** Opening Input material block **

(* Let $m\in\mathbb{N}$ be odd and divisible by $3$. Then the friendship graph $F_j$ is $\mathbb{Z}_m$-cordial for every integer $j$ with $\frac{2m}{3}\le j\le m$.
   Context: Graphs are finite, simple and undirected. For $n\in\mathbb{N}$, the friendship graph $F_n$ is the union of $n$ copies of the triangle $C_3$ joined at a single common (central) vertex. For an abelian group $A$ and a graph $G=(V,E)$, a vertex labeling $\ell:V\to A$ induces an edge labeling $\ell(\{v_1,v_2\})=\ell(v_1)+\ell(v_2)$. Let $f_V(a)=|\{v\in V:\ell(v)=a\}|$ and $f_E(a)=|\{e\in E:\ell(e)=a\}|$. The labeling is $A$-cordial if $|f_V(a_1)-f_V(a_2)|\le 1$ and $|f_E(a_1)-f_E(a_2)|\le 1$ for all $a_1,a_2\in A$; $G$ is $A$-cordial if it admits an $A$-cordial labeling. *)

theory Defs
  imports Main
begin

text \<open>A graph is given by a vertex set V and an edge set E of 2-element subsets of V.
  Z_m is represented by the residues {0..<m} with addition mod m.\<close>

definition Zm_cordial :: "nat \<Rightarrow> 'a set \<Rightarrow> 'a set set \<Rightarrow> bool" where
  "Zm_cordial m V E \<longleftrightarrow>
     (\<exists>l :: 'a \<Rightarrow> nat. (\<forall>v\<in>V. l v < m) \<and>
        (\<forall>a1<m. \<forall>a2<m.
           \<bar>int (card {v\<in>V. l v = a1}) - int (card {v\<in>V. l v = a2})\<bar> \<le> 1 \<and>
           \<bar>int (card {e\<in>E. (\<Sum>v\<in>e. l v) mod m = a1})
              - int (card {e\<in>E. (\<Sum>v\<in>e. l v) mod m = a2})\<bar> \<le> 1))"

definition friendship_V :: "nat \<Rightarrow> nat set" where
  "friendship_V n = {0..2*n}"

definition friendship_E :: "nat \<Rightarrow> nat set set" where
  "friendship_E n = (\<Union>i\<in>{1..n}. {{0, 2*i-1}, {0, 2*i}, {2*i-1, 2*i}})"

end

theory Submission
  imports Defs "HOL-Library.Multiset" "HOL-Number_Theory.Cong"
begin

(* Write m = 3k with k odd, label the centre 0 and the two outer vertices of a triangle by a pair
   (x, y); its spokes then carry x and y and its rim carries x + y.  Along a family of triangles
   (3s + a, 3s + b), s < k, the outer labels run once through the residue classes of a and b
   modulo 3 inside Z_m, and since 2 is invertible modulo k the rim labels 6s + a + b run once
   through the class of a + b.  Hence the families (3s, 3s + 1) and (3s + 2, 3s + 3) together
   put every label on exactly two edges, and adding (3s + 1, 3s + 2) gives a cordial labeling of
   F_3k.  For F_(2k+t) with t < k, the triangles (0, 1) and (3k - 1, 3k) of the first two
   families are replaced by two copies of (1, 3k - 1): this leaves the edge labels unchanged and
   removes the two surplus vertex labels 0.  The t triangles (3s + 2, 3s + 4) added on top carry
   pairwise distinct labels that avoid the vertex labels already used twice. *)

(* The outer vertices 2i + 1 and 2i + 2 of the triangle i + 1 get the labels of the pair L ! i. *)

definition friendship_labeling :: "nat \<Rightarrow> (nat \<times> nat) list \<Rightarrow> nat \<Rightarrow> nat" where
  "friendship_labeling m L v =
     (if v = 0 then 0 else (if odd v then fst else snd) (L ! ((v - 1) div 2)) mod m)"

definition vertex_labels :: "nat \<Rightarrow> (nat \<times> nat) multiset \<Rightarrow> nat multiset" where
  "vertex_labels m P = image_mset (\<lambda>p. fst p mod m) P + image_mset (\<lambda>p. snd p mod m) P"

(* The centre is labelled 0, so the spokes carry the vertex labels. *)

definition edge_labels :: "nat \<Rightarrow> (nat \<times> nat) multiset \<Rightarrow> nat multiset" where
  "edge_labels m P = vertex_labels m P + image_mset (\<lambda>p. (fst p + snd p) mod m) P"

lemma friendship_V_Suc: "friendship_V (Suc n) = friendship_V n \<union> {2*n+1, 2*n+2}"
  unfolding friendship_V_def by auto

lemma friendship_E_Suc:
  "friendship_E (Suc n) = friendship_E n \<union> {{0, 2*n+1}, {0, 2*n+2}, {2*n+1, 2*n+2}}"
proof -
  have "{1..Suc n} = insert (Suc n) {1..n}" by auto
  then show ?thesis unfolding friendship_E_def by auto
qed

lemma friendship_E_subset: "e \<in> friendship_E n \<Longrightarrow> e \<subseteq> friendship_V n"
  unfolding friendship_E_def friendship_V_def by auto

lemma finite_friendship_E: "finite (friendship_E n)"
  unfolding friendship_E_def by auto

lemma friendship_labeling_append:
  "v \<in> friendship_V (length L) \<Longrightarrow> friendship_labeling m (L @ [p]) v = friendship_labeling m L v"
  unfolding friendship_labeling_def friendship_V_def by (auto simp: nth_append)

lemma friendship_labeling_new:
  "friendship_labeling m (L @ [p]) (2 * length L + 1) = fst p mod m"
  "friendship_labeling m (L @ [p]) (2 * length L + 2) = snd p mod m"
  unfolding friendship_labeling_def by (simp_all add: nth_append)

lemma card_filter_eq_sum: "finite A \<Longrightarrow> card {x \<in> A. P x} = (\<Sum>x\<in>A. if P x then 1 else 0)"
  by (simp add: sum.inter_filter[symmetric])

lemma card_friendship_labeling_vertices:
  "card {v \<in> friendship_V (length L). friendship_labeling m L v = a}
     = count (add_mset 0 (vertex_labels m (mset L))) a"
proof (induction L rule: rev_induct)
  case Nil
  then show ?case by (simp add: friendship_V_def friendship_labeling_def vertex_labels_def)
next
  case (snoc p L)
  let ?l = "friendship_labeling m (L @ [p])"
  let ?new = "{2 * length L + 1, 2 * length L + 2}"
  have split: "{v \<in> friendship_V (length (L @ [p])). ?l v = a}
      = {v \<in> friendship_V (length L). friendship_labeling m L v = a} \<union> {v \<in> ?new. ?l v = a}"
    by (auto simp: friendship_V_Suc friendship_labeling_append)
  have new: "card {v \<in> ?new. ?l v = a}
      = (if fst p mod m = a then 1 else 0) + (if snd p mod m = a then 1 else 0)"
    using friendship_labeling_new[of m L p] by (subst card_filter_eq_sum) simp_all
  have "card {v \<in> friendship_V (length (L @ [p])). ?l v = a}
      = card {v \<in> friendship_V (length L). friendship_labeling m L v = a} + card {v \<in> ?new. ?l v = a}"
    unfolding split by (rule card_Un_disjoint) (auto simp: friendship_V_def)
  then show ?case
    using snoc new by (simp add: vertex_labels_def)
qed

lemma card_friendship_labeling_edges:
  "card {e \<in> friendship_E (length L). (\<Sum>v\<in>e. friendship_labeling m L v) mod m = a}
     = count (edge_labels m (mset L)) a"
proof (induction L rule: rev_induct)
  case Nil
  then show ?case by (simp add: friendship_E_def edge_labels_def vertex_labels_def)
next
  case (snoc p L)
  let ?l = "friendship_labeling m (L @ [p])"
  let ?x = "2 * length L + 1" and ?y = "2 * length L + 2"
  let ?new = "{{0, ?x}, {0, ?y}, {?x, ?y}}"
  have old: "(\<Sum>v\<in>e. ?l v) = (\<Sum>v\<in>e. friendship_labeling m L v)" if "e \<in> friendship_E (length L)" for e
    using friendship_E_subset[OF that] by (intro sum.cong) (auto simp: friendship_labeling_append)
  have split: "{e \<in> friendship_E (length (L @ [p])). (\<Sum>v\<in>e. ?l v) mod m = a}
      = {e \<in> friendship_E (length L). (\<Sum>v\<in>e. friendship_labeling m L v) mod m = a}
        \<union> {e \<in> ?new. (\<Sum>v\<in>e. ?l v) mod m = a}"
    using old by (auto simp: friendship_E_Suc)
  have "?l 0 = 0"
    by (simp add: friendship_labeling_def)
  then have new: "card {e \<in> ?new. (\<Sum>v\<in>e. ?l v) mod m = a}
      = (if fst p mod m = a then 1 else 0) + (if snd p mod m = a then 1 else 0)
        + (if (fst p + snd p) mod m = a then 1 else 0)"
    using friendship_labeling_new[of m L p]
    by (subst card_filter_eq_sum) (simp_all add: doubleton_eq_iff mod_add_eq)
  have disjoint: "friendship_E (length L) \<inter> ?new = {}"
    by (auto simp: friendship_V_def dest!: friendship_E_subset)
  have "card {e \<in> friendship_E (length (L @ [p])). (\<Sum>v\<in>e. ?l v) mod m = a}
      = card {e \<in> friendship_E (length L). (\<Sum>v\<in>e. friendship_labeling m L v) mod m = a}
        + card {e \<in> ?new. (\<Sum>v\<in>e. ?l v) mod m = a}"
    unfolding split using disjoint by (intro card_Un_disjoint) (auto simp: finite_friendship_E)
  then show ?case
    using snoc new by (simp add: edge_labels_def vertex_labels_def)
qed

** Closing Input material block **
** Opening Input material block **

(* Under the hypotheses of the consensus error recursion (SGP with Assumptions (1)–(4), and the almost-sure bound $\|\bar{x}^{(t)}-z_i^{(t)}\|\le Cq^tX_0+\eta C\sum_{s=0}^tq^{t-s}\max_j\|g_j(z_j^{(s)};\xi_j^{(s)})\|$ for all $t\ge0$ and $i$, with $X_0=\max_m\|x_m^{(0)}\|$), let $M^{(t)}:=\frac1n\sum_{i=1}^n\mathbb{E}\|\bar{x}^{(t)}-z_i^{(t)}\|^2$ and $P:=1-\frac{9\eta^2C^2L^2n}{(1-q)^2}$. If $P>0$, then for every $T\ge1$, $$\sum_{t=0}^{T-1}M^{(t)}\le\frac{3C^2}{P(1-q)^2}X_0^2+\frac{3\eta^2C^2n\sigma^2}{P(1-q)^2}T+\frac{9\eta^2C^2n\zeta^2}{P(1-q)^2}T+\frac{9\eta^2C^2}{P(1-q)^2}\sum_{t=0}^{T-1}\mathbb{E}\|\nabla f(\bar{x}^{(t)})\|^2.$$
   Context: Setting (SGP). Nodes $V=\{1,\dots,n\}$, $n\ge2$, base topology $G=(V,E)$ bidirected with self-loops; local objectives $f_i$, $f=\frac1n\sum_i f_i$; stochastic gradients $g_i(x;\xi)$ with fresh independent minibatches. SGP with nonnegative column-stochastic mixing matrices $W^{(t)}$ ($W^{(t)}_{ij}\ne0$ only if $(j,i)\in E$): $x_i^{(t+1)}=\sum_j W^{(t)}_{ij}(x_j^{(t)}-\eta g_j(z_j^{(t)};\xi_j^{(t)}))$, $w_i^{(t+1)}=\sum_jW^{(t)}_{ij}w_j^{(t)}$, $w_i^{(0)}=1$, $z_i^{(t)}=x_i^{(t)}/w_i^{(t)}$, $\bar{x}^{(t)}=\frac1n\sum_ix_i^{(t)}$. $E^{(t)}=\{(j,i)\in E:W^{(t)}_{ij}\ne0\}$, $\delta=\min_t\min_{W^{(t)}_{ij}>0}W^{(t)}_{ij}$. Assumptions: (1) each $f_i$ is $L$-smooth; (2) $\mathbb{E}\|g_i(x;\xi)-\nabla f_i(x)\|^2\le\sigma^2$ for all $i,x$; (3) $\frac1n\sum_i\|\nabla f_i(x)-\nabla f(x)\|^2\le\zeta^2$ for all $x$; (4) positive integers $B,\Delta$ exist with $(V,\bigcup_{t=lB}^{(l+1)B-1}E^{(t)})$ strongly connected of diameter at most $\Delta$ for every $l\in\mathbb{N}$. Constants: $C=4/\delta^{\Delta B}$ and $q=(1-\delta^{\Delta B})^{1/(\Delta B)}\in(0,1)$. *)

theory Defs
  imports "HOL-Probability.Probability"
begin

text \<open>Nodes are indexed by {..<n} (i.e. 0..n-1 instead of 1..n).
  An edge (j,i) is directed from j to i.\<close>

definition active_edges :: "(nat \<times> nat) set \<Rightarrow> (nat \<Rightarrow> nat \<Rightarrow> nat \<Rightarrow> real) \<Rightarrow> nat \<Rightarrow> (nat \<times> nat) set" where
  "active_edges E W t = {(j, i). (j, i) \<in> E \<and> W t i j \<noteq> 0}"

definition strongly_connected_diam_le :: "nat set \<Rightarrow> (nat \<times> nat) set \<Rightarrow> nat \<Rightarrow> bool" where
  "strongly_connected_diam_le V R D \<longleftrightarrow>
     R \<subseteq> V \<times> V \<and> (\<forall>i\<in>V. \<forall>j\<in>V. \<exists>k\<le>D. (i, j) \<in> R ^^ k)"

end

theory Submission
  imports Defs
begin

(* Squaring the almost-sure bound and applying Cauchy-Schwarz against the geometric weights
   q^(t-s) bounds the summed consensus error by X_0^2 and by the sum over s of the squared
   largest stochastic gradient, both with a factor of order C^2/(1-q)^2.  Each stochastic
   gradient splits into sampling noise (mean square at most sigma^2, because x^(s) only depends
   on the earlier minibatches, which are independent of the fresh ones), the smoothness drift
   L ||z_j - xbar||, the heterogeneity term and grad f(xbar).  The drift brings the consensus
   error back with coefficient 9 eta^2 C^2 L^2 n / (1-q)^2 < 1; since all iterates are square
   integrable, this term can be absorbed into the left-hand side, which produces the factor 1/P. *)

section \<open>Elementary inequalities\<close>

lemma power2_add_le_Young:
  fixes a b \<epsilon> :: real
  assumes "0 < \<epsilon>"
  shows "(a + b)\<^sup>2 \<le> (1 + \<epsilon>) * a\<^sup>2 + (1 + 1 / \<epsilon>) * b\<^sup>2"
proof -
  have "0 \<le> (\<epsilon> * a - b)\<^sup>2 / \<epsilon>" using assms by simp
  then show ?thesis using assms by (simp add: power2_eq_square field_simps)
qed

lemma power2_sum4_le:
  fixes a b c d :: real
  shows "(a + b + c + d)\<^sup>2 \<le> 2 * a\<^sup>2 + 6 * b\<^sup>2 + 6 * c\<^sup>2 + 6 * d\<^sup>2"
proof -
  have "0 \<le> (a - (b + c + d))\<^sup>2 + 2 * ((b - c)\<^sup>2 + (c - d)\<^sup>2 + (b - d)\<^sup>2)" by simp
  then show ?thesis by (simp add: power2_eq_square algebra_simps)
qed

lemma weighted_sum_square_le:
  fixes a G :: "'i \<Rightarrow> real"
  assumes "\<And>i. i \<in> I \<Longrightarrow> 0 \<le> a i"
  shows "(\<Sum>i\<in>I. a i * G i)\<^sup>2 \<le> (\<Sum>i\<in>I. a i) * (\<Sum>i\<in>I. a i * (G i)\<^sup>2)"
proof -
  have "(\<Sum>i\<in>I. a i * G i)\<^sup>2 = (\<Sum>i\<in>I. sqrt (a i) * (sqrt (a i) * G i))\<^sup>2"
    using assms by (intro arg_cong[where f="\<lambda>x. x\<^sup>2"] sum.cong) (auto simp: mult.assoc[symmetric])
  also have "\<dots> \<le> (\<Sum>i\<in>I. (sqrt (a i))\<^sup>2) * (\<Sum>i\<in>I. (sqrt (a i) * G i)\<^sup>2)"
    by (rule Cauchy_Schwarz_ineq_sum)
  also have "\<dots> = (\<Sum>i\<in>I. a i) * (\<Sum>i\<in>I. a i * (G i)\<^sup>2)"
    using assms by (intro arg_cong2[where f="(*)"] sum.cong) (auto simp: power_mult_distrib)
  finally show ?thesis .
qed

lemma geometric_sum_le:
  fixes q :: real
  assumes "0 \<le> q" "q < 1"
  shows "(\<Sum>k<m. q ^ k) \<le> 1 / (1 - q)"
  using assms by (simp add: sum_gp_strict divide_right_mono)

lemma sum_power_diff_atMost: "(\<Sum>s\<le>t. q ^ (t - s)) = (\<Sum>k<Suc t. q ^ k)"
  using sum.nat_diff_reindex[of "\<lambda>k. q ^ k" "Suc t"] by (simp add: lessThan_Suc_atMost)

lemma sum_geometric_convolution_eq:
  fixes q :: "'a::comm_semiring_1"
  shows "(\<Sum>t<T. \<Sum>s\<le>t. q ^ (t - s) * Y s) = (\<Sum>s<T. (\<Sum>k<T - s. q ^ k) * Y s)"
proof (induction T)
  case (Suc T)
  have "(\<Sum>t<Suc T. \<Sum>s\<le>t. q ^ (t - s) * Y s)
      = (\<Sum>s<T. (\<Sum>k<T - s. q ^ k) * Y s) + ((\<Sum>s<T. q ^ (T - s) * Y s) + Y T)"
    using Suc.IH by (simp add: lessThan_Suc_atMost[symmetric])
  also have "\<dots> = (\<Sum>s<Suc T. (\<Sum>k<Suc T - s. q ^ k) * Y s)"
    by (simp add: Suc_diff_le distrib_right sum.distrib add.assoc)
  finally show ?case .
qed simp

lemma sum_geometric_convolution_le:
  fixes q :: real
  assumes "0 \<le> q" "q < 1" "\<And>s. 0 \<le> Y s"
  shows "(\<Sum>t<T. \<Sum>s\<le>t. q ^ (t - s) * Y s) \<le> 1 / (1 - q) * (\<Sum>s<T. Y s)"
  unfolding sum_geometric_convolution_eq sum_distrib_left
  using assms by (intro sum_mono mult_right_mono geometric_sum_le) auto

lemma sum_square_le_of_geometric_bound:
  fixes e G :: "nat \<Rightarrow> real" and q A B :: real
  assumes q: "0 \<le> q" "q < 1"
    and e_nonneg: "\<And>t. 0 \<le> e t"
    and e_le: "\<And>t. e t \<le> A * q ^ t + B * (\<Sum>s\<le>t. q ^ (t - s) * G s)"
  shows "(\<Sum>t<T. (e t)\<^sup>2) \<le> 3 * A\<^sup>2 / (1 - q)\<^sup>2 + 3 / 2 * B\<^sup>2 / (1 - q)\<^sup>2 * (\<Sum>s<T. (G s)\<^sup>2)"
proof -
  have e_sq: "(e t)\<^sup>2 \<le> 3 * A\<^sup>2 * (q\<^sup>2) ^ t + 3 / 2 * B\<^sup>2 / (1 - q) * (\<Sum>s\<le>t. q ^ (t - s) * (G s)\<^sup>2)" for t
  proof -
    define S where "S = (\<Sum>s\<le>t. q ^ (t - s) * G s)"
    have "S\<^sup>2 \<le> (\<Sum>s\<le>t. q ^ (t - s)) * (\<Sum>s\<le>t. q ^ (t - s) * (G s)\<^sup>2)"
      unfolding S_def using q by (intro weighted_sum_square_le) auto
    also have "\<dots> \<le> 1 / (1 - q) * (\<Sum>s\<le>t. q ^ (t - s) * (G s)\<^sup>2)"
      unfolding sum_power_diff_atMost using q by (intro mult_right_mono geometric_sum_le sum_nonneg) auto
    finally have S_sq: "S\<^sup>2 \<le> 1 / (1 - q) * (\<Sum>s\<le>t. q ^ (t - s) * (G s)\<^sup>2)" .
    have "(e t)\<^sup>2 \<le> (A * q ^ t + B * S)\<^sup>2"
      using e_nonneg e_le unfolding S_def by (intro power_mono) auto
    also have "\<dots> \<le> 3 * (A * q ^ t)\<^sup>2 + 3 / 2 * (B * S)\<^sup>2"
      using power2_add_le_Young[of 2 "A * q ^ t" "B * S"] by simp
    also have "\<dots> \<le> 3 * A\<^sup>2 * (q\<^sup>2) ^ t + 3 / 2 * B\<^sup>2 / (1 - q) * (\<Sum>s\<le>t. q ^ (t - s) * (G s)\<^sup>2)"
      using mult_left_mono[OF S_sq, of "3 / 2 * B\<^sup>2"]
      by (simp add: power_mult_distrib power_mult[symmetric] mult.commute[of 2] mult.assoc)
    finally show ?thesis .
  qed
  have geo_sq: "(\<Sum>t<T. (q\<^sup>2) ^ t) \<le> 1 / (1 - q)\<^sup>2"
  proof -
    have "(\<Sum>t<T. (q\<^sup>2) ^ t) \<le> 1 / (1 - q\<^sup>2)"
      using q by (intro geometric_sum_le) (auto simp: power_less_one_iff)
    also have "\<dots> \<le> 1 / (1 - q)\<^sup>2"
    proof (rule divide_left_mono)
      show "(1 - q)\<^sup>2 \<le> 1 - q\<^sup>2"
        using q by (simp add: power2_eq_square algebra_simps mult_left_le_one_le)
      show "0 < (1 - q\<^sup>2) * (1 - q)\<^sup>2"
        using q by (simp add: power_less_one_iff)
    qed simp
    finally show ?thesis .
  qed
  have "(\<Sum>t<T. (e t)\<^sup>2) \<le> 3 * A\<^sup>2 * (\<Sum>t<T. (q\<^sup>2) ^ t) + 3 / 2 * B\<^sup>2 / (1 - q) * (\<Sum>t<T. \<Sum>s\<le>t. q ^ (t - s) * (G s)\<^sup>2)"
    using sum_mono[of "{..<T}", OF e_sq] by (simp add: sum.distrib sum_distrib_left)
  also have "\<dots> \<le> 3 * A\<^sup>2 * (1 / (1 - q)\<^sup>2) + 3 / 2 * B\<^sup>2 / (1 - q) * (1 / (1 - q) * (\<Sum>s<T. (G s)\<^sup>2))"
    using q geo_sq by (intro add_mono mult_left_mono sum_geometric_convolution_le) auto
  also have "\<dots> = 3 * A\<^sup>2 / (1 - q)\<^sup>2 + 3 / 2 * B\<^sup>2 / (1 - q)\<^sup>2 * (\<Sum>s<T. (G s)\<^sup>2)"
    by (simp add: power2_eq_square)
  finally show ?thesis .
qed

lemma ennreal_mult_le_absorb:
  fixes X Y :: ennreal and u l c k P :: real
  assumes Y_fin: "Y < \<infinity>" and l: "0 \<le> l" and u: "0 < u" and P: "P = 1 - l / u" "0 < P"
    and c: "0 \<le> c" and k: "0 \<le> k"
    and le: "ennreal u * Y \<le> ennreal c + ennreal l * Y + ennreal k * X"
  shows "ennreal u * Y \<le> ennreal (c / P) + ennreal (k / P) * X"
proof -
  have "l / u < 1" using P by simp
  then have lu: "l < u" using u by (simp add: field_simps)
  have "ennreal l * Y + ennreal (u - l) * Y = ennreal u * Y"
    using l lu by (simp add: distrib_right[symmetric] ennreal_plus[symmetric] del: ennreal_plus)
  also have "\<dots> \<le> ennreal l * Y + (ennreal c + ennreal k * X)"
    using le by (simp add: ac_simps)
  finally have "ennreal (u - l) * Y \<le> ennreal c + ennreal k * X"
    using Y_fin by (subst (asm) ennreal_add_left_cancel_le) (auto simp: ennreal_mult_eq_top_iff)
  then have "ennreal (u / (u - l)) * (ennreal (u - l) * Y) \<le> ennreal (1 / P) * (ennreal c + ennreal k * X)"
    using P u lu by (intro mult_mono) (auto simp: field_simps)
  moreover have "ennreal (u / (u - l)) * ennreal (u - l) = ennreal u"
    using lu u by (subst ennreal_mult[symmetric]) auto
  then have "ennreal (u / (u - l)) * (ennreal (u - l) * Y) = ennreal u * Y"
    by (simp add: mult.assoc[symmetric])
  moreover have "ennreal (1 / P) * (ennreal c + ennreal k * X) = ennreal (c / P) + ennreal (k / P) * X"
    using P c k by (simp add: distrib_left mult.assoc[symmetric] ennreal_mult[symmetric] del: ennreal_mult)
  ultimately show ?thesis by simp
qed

** Closing Input material block **

#### What to do
Using the entries above, extract exactly the span from the line with "by (simp add: power2_eq_square)" to the line with "X) = ennreal", both lines included; leave out everything else.

#### Written response
    by (simp add: power2_eq_square)
  finally show ?thesis .
qed

lemma ennreal_mult_le_absorb:
  fixes X Y :: ennreal and u l c k P :: real
  assumes Y_fin: "Y < \<infinity>" and l: "0 \<le> l" and u: "0 < u" and P: "P = 1 - l / u" "0 < P"
    and c: "0 \<le> c" and k: "0 \<le> k"
    and le: "ennreal u * Y \<le> ennreal c + ennreal l * Y + ennreal k * X"
  shows "ennreal u * Y \<le> ennreal (c / P) + ennreal (k / P) * X"
proof -
  have "l / u < 1" using P by simp
  then have lu: "l < u" using u by (simp add: field_simps)
  have "ennreal l * Y + ennreal (u - l) * Y = ennreal u * Y"
    using l lu by (simp add: distrib_right[symmetric] ennreal_plus[symmetric] del: ennreal_plus)
  also have "\<dots> \<le> ennreal l * Y + (ennreal c + ennreal k * X)"
    using le by (simp add: ac_simps)
  finally have "ennreal (u - l) * Y \<le> ennreal c + ennreal k * X"
    using Y_fin by (subst (asm) ennreal_add_left_cancel_le) (auto simp: ennreal_mult_eq_top_iff)
  then have "ennreal (u / (u - l)) * (ennreal (u - l) * Y) \<le> ennreal (1 / P) * (ennreal c + ennreal k * X)"
    using P u lu by (intro mult_mono) (auto simp: field_simps)
  moreover have "ennreal (u / (u - l)) * ennreal (u - l) = ennreal u"
    using lu u by (subst ennreal_mult[symmetric]) auto
  then have "ennreal (u / (u - l)) * (ennreal (u - l) * Y) = ennreal u * Y"
    by (simp add: mult.assoc[symmetric])
  moreover have "ennreal (1 / P) * (ennreal c + ennreal k * X) = ennreal (c / P) + ennreal (k / P) * X"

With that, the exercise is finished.